The brain's extracellular space is rife with growth factors that maintain cellular homeostasis (38). These growth factors could serve as powerful substrates for metastatic tumor cells that possess or evolve the ability to utilize the associated signaling pathways (39, 40). This would be particularly advantageous in the context of metastatic dormancy or micrometastasis where angiogenesis is sparse. Our preliminary findings suggest that tumor cells express neurotrophin receptor TrkB and are selectively activated by BDNF from the brain microenvironment. Recognizing that breast cancer metastasizes to the brain in approximately 40% of Her2⁺ patients, we are investigating a possible interaction between TrkB and Her2⁺ (41). Our preliminary results show that BDNF induces TrkB-Her2 dimerization in newly derived metastatic cells (unpublished). Cooperation of neurotrophin and Her2 receptors could result in amplified oncogenic signaling from transactivation of both receptors by extracellular BDNF in the brain. Given the abundance of neurotrophins in the neural niche, this could partly explain the proclivity of breast cancer to spread to the brain in Her2⁺ patients.

The brain milieu most likely selects for metastatic cells that are best able to overcome natural barriers to infiltration, as well as utilize the nutrient resources and signaling pathways of the brain (Fig. 1). Metastatic cells that cross the BBB and overexpress BMP-2 could modify the local cellular milieu by differentiating NSCs into astrocytes. After this niche construction, the innate and amplified astrocytic response provides cytokine stimulation to tumor cells that could allow early survival as dormant or micrometastases. With time, some cells may acquire a more neural phenotype with expression of classical neuronal receptors and signaling pathways allowing further growth advantage. Ultimately the progressive selection and evolution of metastatic cells could allow for extensive colonization of the brain and subsequent neurologic injury.

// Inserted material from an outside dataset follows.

(* Consider the preference robust optimization problem $$\text{(PRO)}\qquad \max_{\bm z\in Z}\ \min_{\bm v\in\mathcal V}\ \frac1K\sum_{k=1}^K(\bm R\bm v)^\top\bm g(\bm z^\top\bm\xi^k),$$ i.e. $\max_{\bm z\in Z}\min_{u\in\mathcal U}\mathbb E[u(\bm z^\top\bm\xi)]$ where $\bm\xi$ takes the values $\bm\xi^k$ each with probability $1/K$ and $\mathcal U:=\{u(\cdot)=(\bm R\bm v)^\top\bm g(\cdot):\bm v\in\mathcal V\}$. For variables $\bm z\in Z$, $\bm\lambda\in\mathbb R^{N-1}$, $\bm\eta\in\mathbb R^M$, $\bm y^k\in\mathbb R^{N-1}$, $\bm w^k\in\{0,1\}^{N-1}$ ($k=1,\dots,K$), put $\bm s:=\frac1K\sum_{k=1}^K(\bm P\bm y^k+\bm Q\bm w^k)+\sum_{m=1}^M\eta_m h_m\bm\Delta^m\in\mathbb R^{N-1}$. Then the optimal value of (PRO) equals the optimal value of the mixed-integer linear program $$\max\ \{\bm s\}_{N-1}-\bm\lambda^\top\bm b$$ subject to $\{\bm s\}_{[N-2]}-\{\bm s\}_{N-1}\bm e+\bm A^\top\bm\lambda=\bm 0$; $x_jw^k_j-y^k_j\le0$, $x_{j+1}w^k_j-y^k_j\ge0$, $w^k_j\in\{0,1\}$ for $j=1,\dots,N-1$, $k=1,\dots,K$; $\sum_{j=1}^{N-1}w^k_j=1$ and $\sum_{j=1}^{N-1}y^k_j=\bm z^\top\bm\xi^k$ for $k=1,\dots,K$; $\bm z\in Z$, $\bm\lambda\ge\bm 0$, $\bm\eta\ge\bm 0$.
   Context: Let $N\ge3$ be an integer and $\underline x=x_1<x_2<\cdots<x_N=\bar x$ real numbers; $\bm e$ denotes the all-ones vector of the appropriate dimension. Define $\bm g:[\underline x,\bar x]\to\mathbb R^{N-1}$ by $\bm g(x_1)=\bm 0$ and, for $x\in(x_i,x_{i+1}]$ ($i\in\{1,\dots,N-1\}$), $\bm g(x)=(1,\dots,1,\frac{x-x_i}{x_{i+1}-x_i},0,\dots,0)$ with the first $i-1$ entries equal to $1$, the $i$-th entry $\frac{x-x_i}{x_{i+1}-x_i}$ and the last $N-1-i$ entries $0$. For $\bm v\in\mathbb R^{N-2}$ let $\bm R\bm v:=(v_1,\dots,v_{N-2},1-\bm e^\top\bm v)\in\mathbb R^{N-1}$. For a vector $\bm a\in\mathbb R^{N-1}$, $\{\bm a\}_{N-1}$ denotes its last component and $\{\bm a\}_{[N-2]}$ the vector of its first $N-2$ components. Let $\bm P\in\mathbb R^{(N-1)\times(N-1)}$ be diagonal with entries $\bm P_{jj}=1/(x_{j+1}-x_j)$, and $\bm Q\in\mathbb R^{(N-1)\times(N-1)}$ upper triangular with $\bm Q_{jj}=-x_j/(x_{j+1}-x_j)$, $\bm Q_{jl}=1$ for $l>j$, and $\bm Q_{jl}=0$ for $l<j$. Let $\bm A\in\mathbb R^{(N-1)\times(N-2)}$ have first row $\bm e^\top$ and, for $j=2,\dots,N-1$, $j$-th row equal to minus the $(j-1)$-th standard unit vector of $\mathbb R^{N-2}$; let $\bm b=(1,0,\dots,0)\in\mathbb R^{N-1}$ (so $\bm A\bm v\le\bm b$ means $\bm v\ge0$, $\bm e^\top\bm v\le1$). Let $M\ge1$ and, for $m=1,\dots,M$, let $r_1^m\le r_3^m$ and $r_2^m$ lie in $[\underline x,\bar x]$, $p^m\in[0,1]$, $h_m\in\{-1,1\}$, and put $\bm\Delta^m:=(1-p^m)\bm g(r_1^m)+p^m\bm g(r_3^m)-\bm g(r_2^m)$. Let $\mathcal V:=\{\bm v\in\mathbb R^{N-2}:\bm A\bm v\le\bm b,\ h_m(\bm R\bm v)^\top\bm\Delta^m\le0,\ m=1,\dots,M\}$. Let $Z\subset\mathbb R^n$ be compact and convex, and $\bm\xi^1,\dots,\bm\xi^K\in\mathbb R^n$ with $\bm z^\top\bm\xi^k\in[\underline x,\bar x]$ for all $\bm z\in Z$ and all $k$. *)

theory Defs
  imports "HOL-Analysis.Analysis"
begin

For nearly a century, the “no new neuron” theory was held as dogma, suggesting the brain is unable to regenerate with little plasticity remaining after developmental maturity (42, 43). With the discovery of germinal niches in the brain, the notion of the brain as immutable has been shed and a renaissance in neuroscience has occurred. New methods such as “optogenetics” are allowing neuroscientists to control the activity of neuronal groups with extraordinary precision (44, 45). New insights about the anatomical and functional architecture of the human prenatal brain are revealing transcriptional landscapes that may eventually guide neural repair in the context of oncologic injury (46).

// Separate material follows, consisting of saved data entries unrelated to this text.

lemma min_ratio_step:
  fixes b d :: "'a::real_inner"
  assumes "finite V" "v0 \<in> V" "d \<bullet> v0 < 0"
    and feasible: "\<And>v. v \<in> V \<Longrightarrow> 0 \<le> b \<bullet> v"
    and tight: "\<And>v. v \<in> V \<Longrightarrow> b \<bullet> v = 0 \<Longrightarrow> d \<bullet> v = 0"
  obtains t where "\<And>v. v \<in> V \<Longrightarrow> 0 \<le> (b + t *\<^sub>R d) \<bullet> v"
    "\<exists>v\<in>V. b \<bullet> v \<noteq> 0 \<and> (b + t *\<^sub>R d) \<bullet> v = 0"
proof -
  define D where "D = {v \<in> V. d \<bullet> v < 0}"
  define ratio where "ratio v = - (b \<bullet> v) / (d \<bullet> v)" for v
  have D_pos: "0 < b \<bullet> v" if "v \<in> D" for v
    using that feasible tight by (force simp: D_def)
  have "finite D" "v0 \<in> D" using assms(1-3) by (auto simp: D_def)
  define t where "t = Min (ratio ` D)"
  have "t \<in> ratio ` D"
    unfolding t_def using \<open>finite D\<close> \<open>v0 \<in> D\<close> by (intro Min_in) auto
  then obtain v1 where v1: "v1 \<in> D" "t = ratio v1" by blast
  have t_le: "t \<le> ratio v" if "v \<in> D" for v
    using \<open>finite D\<close> that by (simp add: t_def)
  have "0 < t" using D_pos[OF v1(1)] v1 by (simp add: D_def ratio_def divide_pos_neg)
  have "0 \<le> (b + t *\<^sub>R d) \<bullet> v" if "v \<in> V" for v
  proof (cases "v \<in> D")
    case True
    then show ?thesis
      using mult_right_mono_neg[OF t_le[OF True], of "d \<bullet> v"]
      by (simp add: D_def ratio_def inner_add_left)
  next
    case False
    then show ?thesis using that feasible[OF that] \<open>0 < t\<close> by (simp add: D_def inner_add_left)
  qed
  moreover have "b \<bullet> v1 \<noteq> 0" "(b + t *\<^sub>R d) \<bullet> v1 = 0"
    using D_pos[OF v1(1)] v1 by (auto simp: D_def ratio_def inner_add_left inner_diff_left)
  ultimately show ?thesis using that v1(1) by (auto simp: D_def)
qed

lemma exists_orthogonal_direction_with_negative_coord:
  fixes b p :: "real^'n::finite"
  assumes "subspace E" "b \<in> E" "b \<bullet> p \<noteq> 0" "\<not> E \<subseteq> span {b}"
  obtains d i where "d \<in> E" "d \<bullet> p = 0" "d $ i < 0"
proof -
  obtain e where e: "e \<in> E" "e \<notin> span {b}" using assms(4) by blast
  define d where "d = e - ((e \<bullet> p) / (b \<bullet> p)) *\<^sub>R b"
  have "d \<in> E" using assms(1,2) e(1) by (simp add: d_def subspace_diff subspace_scale)
  moreover have "d \<bullet> p = 0" using assms(3) by (simp add: d_def inner_diff_left)
  moreover have "d \<noteq> 0"
  proof
    assume "d = 0"
    then have "e = ((e \<bullet> p) / (b \<bullet> p)) *\<^sub>R b" by (simp add: d_def)
    then have "e \<in> span {b}" by (metis span_base span_scale singletonI)
    then show False using e(2) by blast
  qed
  then obtain i where "d $ i \<noteq> 0" by (auto simp: vec_eq_iff)
  ultimately show ?thesis
    using that[of d i] that[of "- d" i] assms(1) by (force simp: subspace_neg)
qed

section \<open>Newton polyhedron and dual cones\<close>

definition exponents :: "(('n::finite \<Rightarrow> nat) \<Rightarrow> real) \<Rightarrow> (real^'n) set" where
  "exponents c = expv ` supp c"

lemma nonneg_exponents: "u \<in> exponents c \<Longrightarrow> nonneg u"
  unfolding exponents_def nonneg_def expv_def by auto

lemma newton_polyhedron_eq: "newton_polyhedron c = convex hull (exponents c) + {v. nonneg v}"
proof -
  have "(\<Union>\<nu>\<in>supp c. {expv \<nu> + v | v. nonneg v}) = exponents c + {v. nonneg v}"
    unfolding exponents_def set_plus_def by auto
  then have "newton_polyhedron c = convex hull (exponents c) + convex hull {v. nonneg v}"
    by (simp add: newton_polyhedron_def convex_hull_set_plus)
  also have "convex hull {v::real^'n. nonneg v} = {v. nonneg v}"
    using convex_nonneg by (rule hull_same)
  finally show ?thesis .
qed

lemma convex_newton_polyhedron: "convex (newton_polyhedron c)"
  unfolding newton_polyhedron_def by simp

lemma newton_polyhedron_nonneg:
  assumes "v \<in> newton_polyhedron c"
  shows "nonneg v"
proof -
  have "convex hull (exponents c) \<subseteq> {v. nonneg v}"
    using convex_nonneg nonneg_exponents by (intro hull_minimal) auto
  then show ?thesis
    using assms nonneg_add unfolding newton_polyhedron_eq set_plus_def by blast
qed

lemma newton_polyhedron_add_nonneg:
  assumes "v \<in> newton_polyhedron c" "nonneg w"
  shows "v + w \<in> newton_polyhedron c"
proof -
  obtain h x where "h \<in> convex hull (exponents c)" "nonneg x" "v = h + x"
    using assms(1) unfolding newton_polyhedron_eq set_plus_def by auto
  then show ?thesis
    using assms(2) nonneg_add unfolding newton_polyhedron_eq set_plus_def
    by (metis (mono_tags, lifting) add.assoc mem_Collect_eq)
qed

lemma exponents_subset_newton_polyhedron: "exponents c \<subseteq> newton_polyhedron c"
proof -
  have "nonneg (0::real^'n)" by (simp add: nonneg_def)
  then show ?thesis
    unfolding newton_polyhedron_eq set_plus_def by (force intro: hull_inc)
qed

definition exponent_min :: "(('n::finite \<Rightarrow> nat) \<Rightarrow> real) \<Rightarrow> real^'n \<Rightarrow> real" where
  "exponent_min c a = Min ((\<bullet>) a ` exponents c)"

definition minimizing_exponents :: "(('n::finite \<Rightarrow> nat) \<Rightarrow> real) \<Rightarrow> real^'n \<Rightarrow> (real^'n) set" where
  "minimizing_exponents c a = {u \<in> exponents c. a \<bullet> u = exponent_min c a}"

definition zero_coords :: "real^'n::finite \<Rightarrow> 'n set" where
  "zero_coords a = {i. a $ i = 0}"

text \<open>For nonnegative \<open>a\<close> and \<open>b\<close>: \<open>b\<close> lies in the closure of the cone of the dual subdivision
  containing \<open>a\<close>.\<close>
definition specializes :: "(('n::finite \<Rightarrow> nat) \<Rightarrow> real) \<Rightarrow> real^'n \<Rightarrow> real^'n \<Rightarrow> bool" where
  "specializes c a b \<longleftrightarrow>
     minimizing_exponents c a \<subseteq> minimizing_exponents c b \<and> zero_coords a \<subseteq> zero_coords b"

text \<open>For nonnegative \<open>a\<close>, \<open>class_space c a\<close> is the linear hull of the cone of the dual subdivision
  containing \<open>a\<close>: the directions that keep the zero coordinates of \<open>a\<close> at zero and do not separate
  the exponents minimising \<open>\<langle>a, -\<rangle>\<close>.\<close>
definition class_constraints :: "(('n::finite \<Rightarrow> nat) \<Rightarrow> real) \<Rightarrow> real^'n \<Rightarrow> (real^'n) set" where
  "class_constraints c a = (\<lambda>i. axis i 1) ` zero_coords a
     \<union> (\<lambda>(u, u'). u - u') ` (minimizing_exponents c a \<times> minimizing_exponents c a)"

definition class_space :: "(('n::finite \<Rightarrow> nat) \<Rightarrow> real) \<Rightarrow> real^'n \<Rightarrow> (real^'n) set" where
  "class_space c a = (class_constraints c a)\<^sup>\<bottom>"

lemma class_space_iff:
  "d \<in> class_space c a \<longleftrightarrow> (\<forall>i\<in>zero_coords a. d $ i = 0)
     \<and> (\<forall>u\<in>minimizing_exponents c a. \<forall>u'\<in>minimizing_exponents c a. d \<bullet> u = d \<bullet> u')"
proof -
  have "d \<in> class_space c a \<longleftrightarrow> (\<forall>i\<in>zero_coords a. d \<bullet> axis i 1 = 0)
     \<and> (\<forall>u\<in>minimizing_exponents c a. \<forall>u'\<in>minimizing_exponents c a. d \<bullet> (u - u') = 0)"
    unfolding class_space_def class_constraints_def orthogonal_comp_def orthogonal_def
    by (auto simp: inner_commute)
  then show ?thesis by (simp add: inner_diff_right inner_axis)
qed

lemma class_space_zero_coord: "d \<in> class_space c a \<Longrightarrow> a $ i = 0 \<Longrightarrow> d $ i = 0"
  unfolding class_space_iff zero_coords_def by blast

lemma class_space_inner_eq:
  "d \<in> class_space c a \<Longrightarrow> u \<in> minimizing_exponents c a \<Longrightarrow> u' \<in> minimizing_exponents c a
    \<Longrightarrow> d \<bullet> u = d \<bullet> u'"
  unfolding class_space_iff by blast

lemma subspace_class_space: "subspace (class_space c a)"
  unfolding class_space_def by (rule subspace_orthogonal_comp)

lemma self_mem_class_space: "a \<in> class_space c a"
  unfolding class_space_iff zero_coords_def minimizing_exponents_def by simp

lemma class_space_cong:
  "minimizing_exponents c a = minimizing_exponents c b \<Longrightarrow> zero_coords a = zero_coords b
    \<Longrightarrow> class_space c a = class_space c b"
  unfolding class_space_def class_constraints_def by simp

definition cone_constraints :: "(('n::finite \<Rightarrow> nat) \<Rightarrow> real) \<Rightarrow> real^'n \<Rightarrow> (real^'n) set" where
  "cone_constraints c u0 = range (\<lambda>j. axis j 1) \<union> (\<lambda>u. u - u0) ` exponents c"

lemma specializes_trans: "specializes c a b \<Longrightarrow> specializes c b d \<Longrightarrow> specializes c a d"
  unfolding specializes_def by blast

In parallel the importance of the tumor microenvironment has been established in cancer biology. Despite originating in disparate germ line lineages, tumor cells are able to inhabit the neural niche. This ability to adapt to and possibly co-opt the brain's natural resources demonstrates the resilience and adaptability of cancer. Borrowing from ecological principles, metastasis could be an adaptive radiation of neoplastic cells from the primary tumor (47, 48). Each malignant scout having the opportunity to undergo its own divergent evolution and create distinct metastatic species (49).

The proverbial “soil” of the brain is a unique and mostly unchartered environment. It is likely that technological and creative advancements in neuroscience will reveal unanticipated biologic complexities and clinical opportunities in metastatic brain tumors.

No potential conflicts of interest were disclosed.

J. Termini was supported by NIH grant R01CA176611-01, J. Neman was supported by California Institute for Regenerative Medicine (CIRM) grant TG2-01150, R. Jandial was supported by NIH grant 2K12CA001727-16A1.